_Your task_
Start at the line below containing "imports Defs" and stop at the line containing "Condition (D) then". Repeat every line of that stretch exactly, and nothing outside it.

_Data excerpts_
(* Let $D_+, D_-$ be a pair of SBP operators of order $q\ge1$ on $[a,b]$ with associated data $H,S,\mathbf{p}_0,\mathbf{p}_n,\mathbf{x}$, and assume it is nullspace consistent, i.e. $\ker D_+=\operatorname{span}\{\mathbf{1}\}$. Let $\tilde D_+ = D_+ + H^{-1}\mathbf{p}_0\mathbf{p}_0^\top$ and let $(\lambda,\mathbf{w})$ be an eigenpair of $\tilde D_+$ (over $\mathbb{C}$) with $\operatorname{Re}(\lambda)=0$. Then $(\mathbf{x}^j)^\top H\mathbf{w} = 0$ for every $j=0,\dots,q$.
   Context: Let $[a,b]$ be an interval with $b>a$ and $n\ge 1$. For $\mathbf{x}\in\mathbb{R}^{n+1}$, $\mathbf{x}^j$ denotes elementwise exponentiation, with $\mathbf{x}^0=\mathbf{1}=(1,\dots,1)^\top$. Matrices $D_+, D_-\in\mathbb{R}^{(n+1)\times(n+1)}$ form a pair of SBP (summation-by-parts) operators of order $q\ge 1$ on $[a,b]$ if there exist matrices $H,S\in\mathbb{R}^{(n+1)\times(n+1)}$ and vectors $\mathbf{p}_0,\mathbf{p}_n,\mathbf{x}\in\mathbb{R}^{n+1}$ such that: (A) $D_\pm \mathbf{x}^j = j\mathbf{x}^{j-1}$, $\mathbf{p}_0^\top\mathbf{x}^j = a^j$, $\mathbf{p}_n^\top \mathbf{x}^j = b^j$ for $j=0,\dots,q$ (with $0\cdot\mathbf{x}^{-1}:=\mathbf{0}$); (B) $H=H^\top$ is positive definite; (C) $HD_+ + D_+^\top H = -\mathbf{p}_0\mathbf{p}_0^\top + \mathbf{p}_n\mathbf{p}_n^\top + S$ with $S=S^\top$ positive semidefinite; (D) $HD_+ + D_-^\top H = -\mathbf{p}_0\mathbf{p}_0^\top + \mathbf{p}_n\mathbf{p}_n^\top$; (E) $\mathbf{x}=(x_0,\dots,x_n)^\top$ with $x_i\ne x_j$ for $i\ne j$. *)

theory Defs
  imports "HOL-Analysis.Analysis"
begin

text \<open>Vectors in R^(n+1) are modelled as real^'n with CARD('n) = n+1.\<close>

definition epow :: "real^'n \<Rightarrow> nat \<Rightarrow> real^'n" where
  "epow x j = (\<chi> i. (x $ i) ^ j)"

definition outer :: "real^'n \<Rightarrow> real^'n \<Rightarrow> real^'n^'n" where
  "outer u v = (\<chi> i k. u $ i * v $ k)"

definition pos_def_mat :: "real^'n^'n \<Rightarrow> bool" where
  "pos_def_mat H \<longleftrightarrow> transpose H = H \<and> (\<forall>v. v \<noteq> 0 \<longrightarrow> v \<bullet> (H *v v) > 0)"

definition psd_mat :: "real^'n^'n \<Rightarrow> bool" where
  "psd_mat S \<longleftrightarrow> transpose S = S \<and> (\<forall>v. v \<bullet> (S *v v) \<ge> 0)"

text \<open>SBP pair of order q on [a,b], conditions (A)-(E).\<close>
definition sbp_pair ::
  "real \<Rightarrow> real \<Rightarrow> nat \<Rightarrow> real^'n^'n \<Rightarrow> real^'n^'n \<Rightarrow> real^'n^'n \<Rightarrow> real^'n^'n
   \<Rightarrow> real^'n \<Rightarrow> real^'n \<Rightarrow> real^'n \<Rightarrow> bool" where
  "sbp_pair a b q Dp Dm H S p0 pn x \<longleftrightarrow>
     (\<forall>j\<le>q. Dp *v epow x j = of_nat j *\<^sub>R epow x (j - 1)
            \<and> Dm *v epow x j = of_nat j *\<^sub>R epow x (j - 1)
            \<and> p0 \<bullet> epow x j = a ^ j \<and> pn \<bullet> epow x j = b ^ j)
   \<and> pos_def_mat H
   \<and> psd_mat S
   \<and> H ** Dp + transpose Dp ** H = - outer p0 p0 + outer pn pn + S
   \<and> H ** Dp + transpose Dm ** H = - outer p0 p0 + outer pn pn
   \<and> inj (\<lambda>i. x $ i)"

definition cmat :: "real^'n^'m \<Rightarrow> complex^'n^'m" where
  "cmat M = (\<chi> i k. complex_of_real (M $ i $ k))"

end

theory Submission
  imports Defs
begin

text \<open>Write \<open>w = u + i v\<close> and \<open>\<lambda> = i \<mu>\<close>, so that \<open>\<tilde>D\<^sub>+\<close> rotates \<open>(u, v)\<close>:
  \<open>\<tilde>D\<^sub>+ u = -\<mu> v\<close>, \<open>\<tilde>D\<^sub>+ v = \<mu> u\<close>. Condition (C) gives the energy identity
  \<open>2 z\<^sup>T H \<tilde>D\<^sub>+ z = (p\<^sub>0\<^sup>T z)\<^sup>2 + (p\<^sub>n\<^sup>T z)\<^sup>2 + z\<^sup>T S z\<close>, and for a rotation the two left-hand
  sides cancel, so all boundary values of \<open>u\<close> and \<open>v\<close> vanish and \<open>D\<^sub>+\<close> itself rotates \<open>(u, v)\<close>.
  Condition (D) then lets \<open>D\<^sub>+\<close> be moved onto \<open>x\<^sup>j\<close> as \<open>-D\<^sub>-\<close>, which yields the coupled
  recurrence \<open>\<mu> d\<^sub>j = j c\<^sub>j\<^sub>-\<^sub>1\<close>, \<open>\<mu> c\<^sub>j = -j d\<^sub>j\<^sub>-\<^sub>1\<close> for the moments \<open>c\<^sub>j = (x\<^sup>j)\<^sup>T H u\<close>,
  \<open>d\<^sub>j = (x\<^sup>j)\<^sup>T H v\<close>. Nullspace consistency forces \<open>\<mu> \<noteq> 0\<close>, and the recurrence kills all
  moments up to order \<open>q\<close>.\<close>

definition vec_Re :: "complex^'n \<Rightarrow> real^'n" where
  "vec_Re w = (\<chi> i. Re (w $ i))"

definition vec_Im :: "complex^'n \<Rightarrow> real^'n" where
  "vec_Im w = (\<chi> i. Im (w $ i))"

lemma vec_Re_Im_eq_0_iff: "vec_Re w = 0 \<and> vec_Im w = 0 \<longleftrightarrow> w = 0"
  by (auto simp: vec_eq_iff vec_Re_def vec_Im_def complex_eq_iff)

lemma Re_cmat_mult: "Re ((cmat A *v w) $ i) = (A *v vec_Re w) $ i"
  by (simp add: cmat_def matrix_vector_mult_def vec_Re_def Re_sum)

lemma Im_cmat_mult: "Im ((cmat A *v w) $ i) = (A *v vec_Im w) $ i"
  by (simp add: cmat_def matrix_vector_mult_def vec_Im_def Im_sum)

lemma cmat_mult_eigen_Re_Im:
  assumes "cmat M *v w = lam *s w" and "Re lam = 0"
  shows "M *v vec_Re w = (- Im lam) *\<^sub>R vec_Im w"
    and "M *v vec_Im w = Im lam *\<^sub>R vec_Re w"
proof -
  have "(M *v vec_Re w) $ i = Re (lam * w $ i)" "(M *v vec_Im w) $ i = Im (lam * w $ i)" for i
    by (simp_all add: assms(1) flip: Re_cmat_mult Im_cmat_mult)
  then show "M *v vec_Re w = (- Im lam) *\<^sub>R vec_Im w" "M *v vec_Im w = Im lam *\<^sub>R vec_Re w"
    using assms(2) by (simp_all add: vec_eq_iff vec_Re_def vec_Im_def)
qed

lemma outer_mult_vector: "outer u v *v z = (v \<bullet> z) *\<^sub>R u"
  by (simp add: vec_eq_iff outer_def matrix_vector_mult_def inner_vec_def sum_distrib_left
      sum_distrib_right mult_ac)

lemma matrix_vector_mult_uminus_right: "A *v (- x) = - (A *v (x :: 'a::comm_ring_1^'n))"
  by (simp add: vec_eq_iff matrix_vector_mult_def sum_negf)

lemma inner_transpose_mult: "y \<bullet> (transpose A *v z) = (A *v y) \<bullet> (z :: real^'n)"
  by (metis dot_lmul_matrix inner_commute transpose_matrix_vector)

lemma inner_symmetric_mult:
  assumes "transpose H = H"
  shows "y \<bullet> (H *v z) = z \<bullet> (H *v (y :: real^'n))"
  by (metis assms inner_commute inner_transpose_mult)

lemma pos_def_mat_mult_matrix_inv:
  assumes "pos_def_mat H"
  shows "H ** matrix_inv H = mat 1"
proof -
  have "H *v z = 0 \<Longrightarrow> z = 0" for z
    using assms by (metis pos_def_mat_def inner_zero_right less_irrefl)
  then have "invertible H"
    by (metis matrix_left_invertible_ker invertible_left_inverse)
  then show ?thesis
    unfolding invertible_def matrix_inv_def by (rule someI_ex[THEN conjunct1])
qed

text \<open>The penalty term \<open>H\<^sup>-\<^sup>1 p\<^sub>0 p\<^sub>0\<^sup>T\<close> flips the sign of the inflow boundary term in (C).\<close>

lemma sbp_pair_penalized_energy:
  assumes "sbp_pair a b q Dp Dm H S p0 pn x"
  shows "2 * (z \<bullet> (H *v ((Dp + matrix_inv H ** outer p0 p0) *v z)))
           = (p0 \<bullet> z)\<^sup>2 + (pn \<bullet> z)\<^sup>2 + z \<bullet> (S *v z)"
proof -
  have H: "pos_def_mat H"
    and C: "H ** Dp + transpose Dp ** H = - outer p0 p0 + outer pn pn + S"
    using assms by (simp_all add: sbp_pair_def)
  have "z \<bullet> ((H ** Dp + transpose Dp ** H) *v z) = 2 * (z \<bullet> (H *v (Dp *v z)))"
    using inner_symmetric_mult[of H "Dp *v z" z] H
    by (simp add: pos_def_mat_def matrix_vector_mult_add_rdistrib inner_add_right
        inner_transpose_mult del: transpose_matrix_vector flip: matrix_vector_mul_assoc)
  moreover have "z \<bullet> ((- outer p0 p0 + outer pn pn + S) *v z)
                   = (pn \<bullet> z)\<^sup>2 - (p0 \<bullet> z)\<^sup>2 + z \<bullet> (S *v z)"
    by (simp add: matrix_vector_mult_add_rdistrib outer_mult_vector inner_add_right
        matrix_vector_mult_diff_rdistrib inner_diff_right power2_eq_square inner_commute)
  moreover have "H *v (matrix_inv H *v y) = y" for y
    by (simp add: matrix_vector_mul_assoc pos_def_mat_mult_matrix_inv[OF H])
  then have "H *v ((matrix_inv H ** outer p0 p0) *v z) = (p0 \<bullet> z) *\<^sub>R p0"
    by (simp add: outer_mult_vector flip: matrix_vector_mul_assoc)
  ultimately show ?thesis
    using C by (simp add: matrix_vector_mult_add_rdistrib inner_add_right power2_eq_square
        inner_commute algebra_simps)
qed

lemma sbp_pair_rotation_boundary_zero:
  fixes u v :: "real^'n"
  assumes sbp: "sbp_pair a b q Dp Dm H S p0 pn x"
    and Mu: "(Dp + matrix_inv H ** outer p0 p0) *v u = (- \<mu>) *\<^sub>R v"
    and Mv: "(Dp + matrix_inv H ** outer p0 p0) *v v = \<mu> *\<^sub>R u"
  shows "p0 \<bullet> u = 0" and "p0 \<bullet> v = 0" and "pn \<bullet> u = 0" and "pn \<bullet> v = 0"
proof -
  have "transpose H = H" and S: "\<And>z. z \<bullet> (S *v z) \<ge> 0"
    using sbp by (simp_all add: sbp_pair_def pos_def_mat_def psd_mat_def)
  then have "u \<bullet> (H *v ((- \<mu>) *\<^sub>R v)) + v \<bullet> (H *v (\<mu> *\<^sub>R u)) = 0"
    using inner_symmetric_mult[of H u v]
    by (simp only: matrix_vector_mult_scaleR inner_scaleR_right)
  then have "((p0 \<bullet> u)\<^sup>2 + (pn \<bullet> u)\<^sup>2 + u \<bullet> (S *v u))
               + ((p0 \<bullet> v)\<^sup>2 + (pn \<bullet> v)\<^sup>2 + v \<bullet> (S *v v)) = 0"
    using sbp_pair_penalized_energy[OF sbp, of u] sbp_pair_penalized_energy[OF sbp, of v]
    unfolding Mu Mv by linarith
  then have "(p0 \<bullet> u)\<^sup>2 = 0 \<and> (p0 \<bullet> v)\<^sup>2 = 0 \<and> (pn \<bullet> u)\<^sup>2 = 0 \<and> (pn \<bullet> v)\<^sup>2 = 0"
    using S[of u] S[of v] zero_le_power2[of "p0 \<bullet> u"] zero_le_power2[of "pn \<bullet> u"]
      zero_le_power2[of "p0 \<bullet> v"] zero_le_power2[of "pn \<bullet> v"] by linarith
  then show "p0 \<bullet> u = 0" and "p0 \<bullet> v = 0" and "pn \<bullet> u = 0" and "pn \<bullet> v = 0"
    by simp_all
qed

lemma sbp_pair_summation_by_parts:
  assumes "sbp_pair a b q Dp Dm H S p0 pn x" and "p0 \<bullet> z = 0" and "pn \<bullet> z = 0"
  shows "y \<bullet> (H *v (Dp *v z)) = - ((Dm *v y) \<bullet> (H *v z))"
proof -
  have "H ** Dp + transpose Dm ** H = - outer p0 p0 + outer pn pn"
    using assms(1) by (simp add: sbp_pair_def)
  then have "y \<bullet> ((H ** Dp + transpose Dm ** H) *v z) = 0"
    using assms(2,3) by (simp add: matrix_vector_mult_diff_rdistrib outer_mult_vector)
  then show ?thesis
    by (simp add: matrix_vector_mult_add_rdistrib inner_add_right inner_transpose_mult
        del: transpose_matrix_vector flip: matrix_vector_mul_assoc)
qed

lemma coupled_recurrence_eq_0:
  fixes c d :: "nat \<Rightarrow> real"
  assumes "\<mu> \<noteq> 0"
    and "\<And>j. j \<le> q \<Longrightarrow> \<mu> * d j = of_nat j * c (j - 1)"
    and "\<And>j. j \<le> q \<Longrightarrow> \<mu> * c j = - (of_nat j * d (j - 1))"
  shows "j \<le> q \<Longrightarrow> c j = 0 \<and> d j = 0"
proof (induction j)
  case 0
  then show ?case using assms(2,3)[of 0] assms(1) by simp
next
  case (Suc j)
  then show ?case using assms(2,3)[of "Suc j"] assms(1) by simp
qed

lemma sbp_pair_moments_eq_0:
  fixes u v :: "real^'n"
  assumes sbp: "sbp_pair a b q Dp Dm H S p0 pn x" and "\<mu> \<noteq> 0"
    and "p0 \<bullet> u = 0" and "p0 \<bullet> v = 0" and "pn \<bullet> u = 0" and "pn \<bullet> v = 0"
    and Du: "Dp *v u = (- \<mu>) *\<^sub>R v" and Dv: "Dp *v v = \<mu> *\<^sub>R u"
    and "j \<le> q"
  shows "epow x j \<bullet> (H *v u) = 0 \<and> epow x j \<bullet> (H *v v) = 0"
proof (rule coupled_recurrence_eq_0[where c = "\<lambda>j. epow x j \<bullet> (H *v u)", OF \<open>\<mu> \<noteq> 0\<close> _ _ \<open>j \<le> q\<close>])
  fix j assume "j \<le> q"
  then have Dm: "Dm *v epow x j = of_nat j *\<^sub>R epow x (j - 1)"
    using sbp by (simp add: sbp_pair_def)
  show "\<mu> * (epow x j \<bullet> (H *v v)) = of_nat j * (epow x (j - 1) \<bullet> (H *v u))"
    using sbp_pair_summation_by_parts[OF sbp, of u "epow x j"] assms(3,5) Du Dm
    by (simp add: matrix_vector_mult_scaleR matrix_vector_mult_uminus_right)
  show "\<mu> * (epow x j \<bullet> (H *v u)) = - (of_nat j * (epow x (j - 1) \<bullet> (H *v v)))"
    using sbp_pair_summation_by_parts[OF sbp, of v "epow x j"] assms(4,6) Dv Dm
    by (simp add: matrix_vector_mult_scaleR)
qed

lemma sbp_pair_null_boundary_eq_0:
  assumes "sbp_pair a b q Dp Dm H S p0 pn x" and "{v. Dp *v v = 0} = span {1 :: real^'n}"
    and "Dp *v u = 0" and "p0 \<bullet> u = 0"
  shows "u = 0"
proof -
  obtain \<alpha> where u: "u = \<alpha> *\<^sub>R 1"
    using assms(2,3) by (auto simp: span_singleton)
  have "epow x 0 = 1"
    by (simp add: epow_def vec_eq_iff)
  then have "p0 \<bullet> 1 = 1"
    using assms(1) unfolding sbp_pair_def by (metis le0 power_0)
  then show ?thesis
    using assms(4) u by simp
qed

theorem lemma4:
  fixes a b :: real and q :: nat
    and Dp Dm H S :: "real^'n^'n" and p0 pn x :: "real^'n"
    and lam :: complex and w :: "complex^'n"
  assumes "CARD('n) \<ge> 2" and "b > a" and "q \<ge> 1"
    and "sbp_pair a b q Dp Dm H S p0 pn x"
    and "{v. Dp *v v = 0} = span {1 :: real^'n}"
    and "w \<noteq> 0"
    and "cmat (Dp + matrix_inv H ** outer p0 p0) *v w = lam *s w"
    and "Re lam = 0"
  shows "\<forall>j\<le>q. (\<Sum>i\<in>UNIV. complex_of_real (x $ i ^ j) * (cmat H *v w) $ i) = 0"
proof (intro allI impI)
  fix j assume "j \<le> q"
  define u v \<mu> where "u = vec_Re w" and "v = vec_Im w" and "\<mu> = Im lam"
  note rot = cmat_mult_eigen_Re_Im[OF assms(7,8), folded u_def v_def \<mu>_def]
  note bdry = sbp_pair_rotation_boundary_zero[OF assms(4) rot]
  have Du: "Dp *v u = (- \<mu>) *\<^sub>R v" and Dv: "Dp *v v = \<mu> *\<^sub>R u"
    using rot bdry by (simp_all add: matrix_vector_mult_add_rdistrib outer_mult_vector
        flip: matrix_vector_mul_assoc)
  have "\<mu> \<noteq> 0"
  proof
    assume "\<mu> = 0"
    then have "u = 0" and "v = 0"
      using sbp_pair_null_boundary_eq_0[OF assms(4,5)] Du Dv bdry by simp_all
    then show False
      using assms(6) vec_Re_Im_eq_0_iff by (auto simp: u_def v_def)
  qed
  then have "epow x j \<bullet> (H *v u) = 0 \<and> epow x j \<bullet> (H *v v) = 0"
    using sbp_pair_moments_eq_0[OF assms(4) _ bdry Du Dv \<open>j \<le> q\<close>] by blast
  then show "(\<Sum>i\<in>UNIV. complex_of_real (x $ i ^ j) * (cmat H *v w) $ i) = 0"
    by (simp add: complex_eq_iff Re_sum Im_sum Re_cmat_mult Im_cmat_mult epow_def inner_vec_def
        u_def v_def mult.commute)
qed

end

_Answer to this task_
  imports Defs
begin

text \<open>Write \<open>w = u + i v\<close> and \<open>\<lambda> = i \<mu>\<close>, so that \<open>\<tilde>D\<^sub>+\<close> rotates \<open>(u, v)\<close>:
  \<open>\<tilde>D\<^sub>+ u = -\<mu> v\<close>, \<open>\<tilde>D\<^sub>+ v = \<mu> u\<close>. Condition (C) gives the energy identity
  \<open>2 z\<^sup>T H \<tilde>D\<^sub>+ z = (p\<^sub>0\<^sup>T z)\<^sup>2 + (p\<^sub>n\<^sup>T z)\<^sup>2 + z\<^sup>T S z\<close>, and for a rotation the two left-hand
  sides cancel, so all boundary values of \<open>u\<close> and \<open>v\<close> vanish and \<open>D\<^sub>+\<close> itself rotates \<open>(u, v)\<close>.
  Condition (D) then lets \<open>D\<^sub>+\<close> be moved onto \<open>x\<^sup>j\<close> as \<open>-D\<^sub>-\<close>, which yields the coupled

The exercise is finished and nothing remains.